[[ Supplied data, beginning ]]
(* Let $p$ be an odd prime, $m$ a positive integer, $q=p^m$. Let $l,r,s,e$ be positive integers such that $l\ge3$ is odd, $\gcd(l,e)=1$, and $q-1=ls$. If $P(x)=x^r(x^{es}+1)$ is a permutation polynomial of $\mathbb{F}_q$, then $\gcd(r,s)=1$, $p\mid 2^s-1$, and $l\nmid 2r+es$.
   Context: A permutation polynomial of $\mathbb{F}_q$ is a polynomial inducing a bijection $\mathbb{F}_q\to\mathbb{F}_q$. *)

theory Defs
  imports "HOL-Computational_Algebra.Polynomial" "HOL-Library.Cardinality"
begin

definition permutation_polynomial :: "'a::{finite,field} poly \<Rightarrow> bool" where
  "permutation_polynomial P \<longleftrightarrow> bij (poly P)"

end

theory Submission
  imports Defs
begin

text \<open>
  Write \<open>P(x) = x^r (x^n + 1)\<close> and \<open>\<mu>\<^sub>d\<close> for the \<open>d\<close>-th roots of unity in \<open>\<bbbF>\<^sub>q\<close>;
  for \<open>d\<close> dividing \<open>q - 1\<close> there are exactly \<open>d\<close> of them, and the map \<open>x \<mapsto> x^d\<close> is
  \<open>d\<close>-to-one from \<open>\<bbbF>\<^sub>q\<^sup>*\<close> onto \<open>\<mu>\<^bsub>(q-1)/d\<^esub>\<close>.

  If \<open>g = gcd(r, s) > 1\<close>, a root \<open>z \<noteq> 1\<close> of \<open>\<mu>\<^sub>g\<close> satisfies \<open>P(z) = 2 = P(1)\<close>.
  If \<open>l\<close> divides \<open>2r + es\<close>, a root \<open>x \<noteq> 1\<close> of \<open>\<mu>\<^sub>l\<close> satisfies \<open>P(1/x) = P(x)\<close> although
  \<open>1/x \<noteq> x\<close>, as \<open>l\<close> is odd.
  Finally, \<open>P\<close> permutes \<open>\<bbbF>\<^sub>q\<^sup>*\<close>, so \<open>\<Prod>\<^sub>x P(x) = \<Prod>\<^sub>x x\<close>; since this product squares to 1 and
  \<open>r\<close> is odd (\<open>s\<close> is even and coprime to \<open>r\<close>), \<open>\<Prod>\<^sub>x (x^{es} + 1) = 1\<close>. Grouping the factors
  by \<open>y = x^s \<in> \<mu>\<^sub>l\<close> and using that \<open>y \<mapsto> y^e\<close> permutes \<open>\<mu>\<^sub>l\<close> turns the left-hand side into
  \<open>(\<Prod>\<^bsub>y\<in>\<mu>\<^sub>l\<^esub> (y + 1))^s = 2^s\<close>, hence \<open>p\<close> divides \<open>2^s - 1\<close>.
\<close>

definition roots_of_unity :: "nat \<Rightarrow> 'a::monoid_mult set" where
  "roots_of_unity d = {x. x ^ d = 1}"

lemma mem_roots_of_unity [simp]: "x \<in> roots_of_unity d \<longleftrightarrow> x ^ d = 1"
  by (simp add: roots_of_unity_def)

lemma zero_notin_roots_of_unity:
  assumes "d > 0"
  shows "(0::'a::idom) \<notin> roots_of_unity d"
  using assms by (simp add: power_0_left)

lemma monom_minus_const_neq_0:
  assumes "d > 0"
  shows "monom (1::'a::comm_ring_1) d - [:c:] \<noteq> 0"
proof
  assume "monom 1 d - [:c:] = 0"
  then have "coeff (monom 1 d - [:c:]) d = 0" by simp
  with assms show False by (cases d) simp_all
qed

lemma power_eq_set_eq_poly_roots:
  "{x::'a::comm_ring_1. x ^ d = c} = {x. poly (monom 1 d - [:c:]) x = 0}"
  by (simp add: poly_monom)

lemma finite_power_eq:
  assumes "d > 0"
  shows "finite {x::'a::idom. x ^ d = c}"
  unfolding power_eq_set_eq_poly_roots
  by (rule poly_roots_finite[OF monom_minus_const_neq_0[OF assms]])

lemma card_power_eq_le:
  assumes "d > 0"
  shows "card {x::'a::idom. x ^ d = c} \<le> d"
proof -
  have "degree (monom 1 d - [:c:]) \<le> d"
    by (metis degree_diff_le degree_monom_le degree_pCons_0 le0)
  then show ?thesis
    unfolding power_eq_set_eq_poly_roots
    using card_poly_roots_bound[OF monom_minus_const_neq_0[OF assms, where 'a='a and c=c]] by linarith
qed

lemma finite_roots_of_unity:
  assumes "d > 0"
  shows "finite (roots_of_unity d :: 'a::idom set)"
  unfolding roots_of_unity_def using finite_power_eq[OF assms] .

lemma inj_on_power_roots_of_unity:
  assumes "coprime k l"
  shows "inj_on (\<lambda>y::'a::monoid_mult. y ^ k) (roots_of_unity l)"
proof (cases "k = 0")
  case True
  with assms show ?thesis by (auto intro: inj_onI)
next
  case False
  with assms obtain a b where bezout: "k * a = l * b + 1"
    using bezout_nat[of k l] by auto
  show ?thesis
  proof (rule inj_onI)
    fix y z :: 'a
    assume "y \<in> roots_of_unity l" "z \<in> roots_of_unity l" and eq: "y ^ k = z ^ k"
    then have "y ^ l = 1" "z ^ l = 1" by simp_all
    have "y ^ (l * b + 1) = z ^ (l * b + 1)"
      unfolding bezout[symmetric] power_mult eq ..
    with \<open>y ^ l = 1\<close> \<open>z ^ l = 1\<close> show "y = z" by (simp add: power_add power_mult)
  qed
qed

lemma bij_betw_power_roots_of_unity:
  assumes "coprime k l" "l > 0"
  shows "bij_betw (\<lambda>y::'a::idom. y ^ k) (roots_of_unity l) (roots_of_unity l)"
proof -
  have "(y ^ k) ^ l = 1" if "y ^ l = 1" for y :: 'a
    unfolding power_mult[symmetric] mult.commute[of k l] power_mult that by simp
  then have "(\<lambda>y. y ^ k) ` roots_of_unity l \<subseteq> (roots_of_unity l :: 'a set)"
    by auto
  from endo_inj_surj[OF finite_roots_of_unity[OF assms(2)] this
      inj_on_power_roots_of_unity[OF assms(1)]]
  show ?thesis
    using inj_on_power_roots_of_unity[OF assms(1)] by (simp add: bij_betw_def)
qed

lemma prod_roots_of_unity_plus_one:
  assumes "odd l"
  shows "(\<Prod>y\<in>roots_of_unity l. y + 1) = (2::'a::idom)"
proof -
  let ?S = "roots_of_unity l - {1::'a}"
  have "l > 0" using assms by (simp add: odd_pos)
  then have "finite ?S" by (simp add: finite_roots_of_unity)
  have "bij_betw (\<lambda>y. y ^ 2) ?S ?S"
    using assms \<open>l > 0\<close> by (intro bij_betw_DiffI bij_betw_power_roots_of_unity) auto
  from prod.reindex_bij_betw[OF this, of "\<lambda>y. 1 - y"]
  have "(\<Prod>y\<in>?S. 1 - y) = (\<Prod>y\<in>?S. 1 - y ^ 2)" by simp
  also have "\<dots> = (\<Prod>y\<in>?S. y + 1) * (\<Prod>y\<in>?S. 1 - y)"
    by (simp flip: prod.distrib add: power2_eq_square algebra_simps)
  moreover have "(\<Prod>y\<in>?S. 1 - y) \<noteq> 0"
    using \<open>finite ?S\<close> by simp
  ultimately have "(\<Prod>y\<in>?S. y + 1) = 1" by simp
  moreover have "(\<Prod>y\<in>roots_of_unity l. y + 1) = (1 + 1) * (\<Prod>y\<in>?S. y + 1)"
    using \<open>l > 0\<close> by (intro prod.remove finite_roots_of_unity) simp_all
  ultimately show ?thesis by simp
qed

lemma card_field_gt_1: "CARD('a::{finite,field}) > 1"
proof -
  have "card {0, 1::'a} \<le> CARD('a)" by (rule card_mono) auto
  then show ?thesis by simp
qed

lemma CHAR_dvd_card_field: "CHAR('a::{finite,field}) dvd CARD('a)"
proof -
  have "(\<Sum>x\<in>UNIV. x + 1) = (\<Sum>x\<in>UNIV. x :: 'a)"
    by (rule sum.reindex_bij_witness[of _ "\<lambda>x. x - 1" "\<lambda>x. x + 1"]) auto
  then have "of_nat CARD('a) = (0::'a)" by (simp add: sum.distrib)
  then show ?thesis by (simp add: of_nat_eq_0_iff_char_dvd)
qed

lemma CHAR_eq_prime:
  assumes "prime p" "CARD('a::{finite,field}) = p ^ m"
  shows "CHAR('a) = p"
proof -
  have "prime CHAR('a)"
    by (intro prime_CHAR_semidom finite_imp_CHAR_pos) simp
  moreover have "CHAR('a) dvd p"
    using CHAR_dvd_card_field[where 'a='a] assms \<open>prime CHAR('a)\<close> prime_dvd_power by metis
  ultimately show ?thesis using assms(1) by (simp add: primes_dvd_imp_eq)
qed

lemma card_minus_one_factors_pos:
  assumes "d * d' = CARD('a::{finite,field}) - 1"
  shows "d > 0" "d' > 0"
proof -
  have "d * d' > 0"
    using assms card_field_gt_1[where 'a='a] by linarith
  then show "d > 0" "d' > 0" by simp_all
qed

lemma card_nonzero_field: "card (- {0::'a::{finite,field}}) = CARD('a) - 1"
  by (simp add: Compl_eq_Diff_UNIV card_Diff_subset)

lemma power_card_minus_one_eq_1:
  fixes x :: "'a::{finite,field}"
  assumes "x \<noteq> 0"
  shows "x ^ (CARD('a) - 1) = 1"
proof -
  have "(\<Prod>y\<in>-{0}. x * y) = (\<Prod>y\<in>-{0}. y)"
    by (rule prod.reindex_bij_witness[of _ "\<lambda>y. y / x" "\<lambda>y. x * y"]) (use assms in auto)
  then show ?thesis
    by (simp add: prod.distrib card_nonzero_field)
qed

lemma prod_nonzero_squared:
  "(\<Prod>x\<in>-{0::'a::{finite,field}}. x) ^ 2 = 1"
proof -
  have "(\<Prod>x\<in>-{0::'a}. inverse x) = (\<Prod>x\<in>-{0}. x)"
    by (rule prod.reindex_bij_witness[of _ inverse inverse]) auto
  then have "(\<Prod>x\<in>-{0::'a}. x) ^ 2 = (\<Prod>x\<in>-{0}. x) * (\<Prod>x\<in>-{0}. inverse x)"
    by (simp add: power2_eq_square)
  also have "\<dots> = (\<Prod>x\<in>-{0::'a}. x * inverse x)"
    by (rule prod.distrib[symmetric])
  also have "\<dots> = 1" by (rule prod.neutral) simp
  finally show ?thesis .
qed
[[ Supplied data, end ]]
__Your instructions__
Everything from the line containing "(rule card_mono) auto" through the final line of the records is what you should print, exactly and with nothing added.

__Exercise output__
  have "card {0, 1::'a} \<le> CARD('a)" by (rule card_mono) auto
  then show ?thesis by simp
qed

lemma CHAR_dvd_card_field: "CHAR('a::{finite,field}) dvd CARD('a)"
proof -
  have "(\<Sum>x\<in>UNIV. x + 1) = (\<Sum>x\<in>UNIV. x :: 'a)"
    by (rule sum.reindex_bij_witness[of _ "\<lambda>x. x - 1" "\<lambda>x. x + 1"]) auto
  then have "of_nat CARD('a) = (0::'a)" by (simp add: sum.distrib)
  then show ?thesis by (simp add: of_nat_eq_0_iff_char_dvd)
qed

lemma CHAR_eq_prime:
  assumes "prime p" "CARD('a::{finite,field}) = p ^ m"
  shows "CHAR('a) = p"
proof -
  have "prime CHAR('a)"
    by (intro prime_CHAR_semidom finite_imp_CHAR_pos) simp
  moreover have "CHAR('a) dvd p"
    using CHAR_dvd_card_field[where 'a='a] assms \<open>prime CHAR('a)\<close> prime_dvd_power by metis
  ultimately show ?thesis using assms(1) by (simp add: primes_dvd_imp_eq)
qed

lemma card_minus_one_factors_pos:
  assumes "d * d' = CARD('a::{finite,field}) - 1"
  shows "d > 0" "d' > 0"
proof -
  have "d * d' > 0"
    using assms card_field_gt_1[where 'a='a] by linarith
  then show "d > 0" "d' > 0" by simp_all
qed

lemma card_nonzero_field: "card (- {0::'a::{finite,field}}) = CARD('a) - 1"
  by (simp add: Compl_eq_Diff_UNIV card_Diff_subset)

lemma power_card_minus_one_eq_1:
  fixes x :: "'a::{finite,field}"
  assumes "x \<noteq> 0"
  shows "x ^ (CARD('a) - 1) = 1"
proof -
  have "(\<Prod>y\<in>-{0}. x * y) = (\<Prod>y\<in>-{0}. y)"
    by (rule prod.reindex_bij_witness[of _ "\<lambda>y. y / x" "\<lambda>y. x * y"]) (use assms in auto)
  then show ?thesis
    by (simp add: prod.distrib card_nonzero_field)
qed

lemma prod_nonzero_squared:
  "(\<Prod>x\<in>-{0::'a::{finite,field}}. x) ^ 2 = 1"
proof -
  have "(\<Prod>x\<in>-{0::'a}. inverse x) = (\<Prod>x\<in>-{0}. x)"
    by (rule prod.reindex_bij_witness[of _ inverse inverse]) auto
  then have "(\<Prod>x\<in>-{0::'a}. x) ^ 2 = (\<Prod>x\<in>-{0}. x) * (\<Prod>x\<in>-{0}. inverse x)"
    by (simp add: power2_eq_square)
  also have "\<dots> = (\<Prod>x\<in>-{0::'a}. x * inverse x)"
    by (rule prod.distrib[symmetric])
  also have "\<dots> = 1" by (rule prod.neutral) simp
  finally show ?thesis .
qed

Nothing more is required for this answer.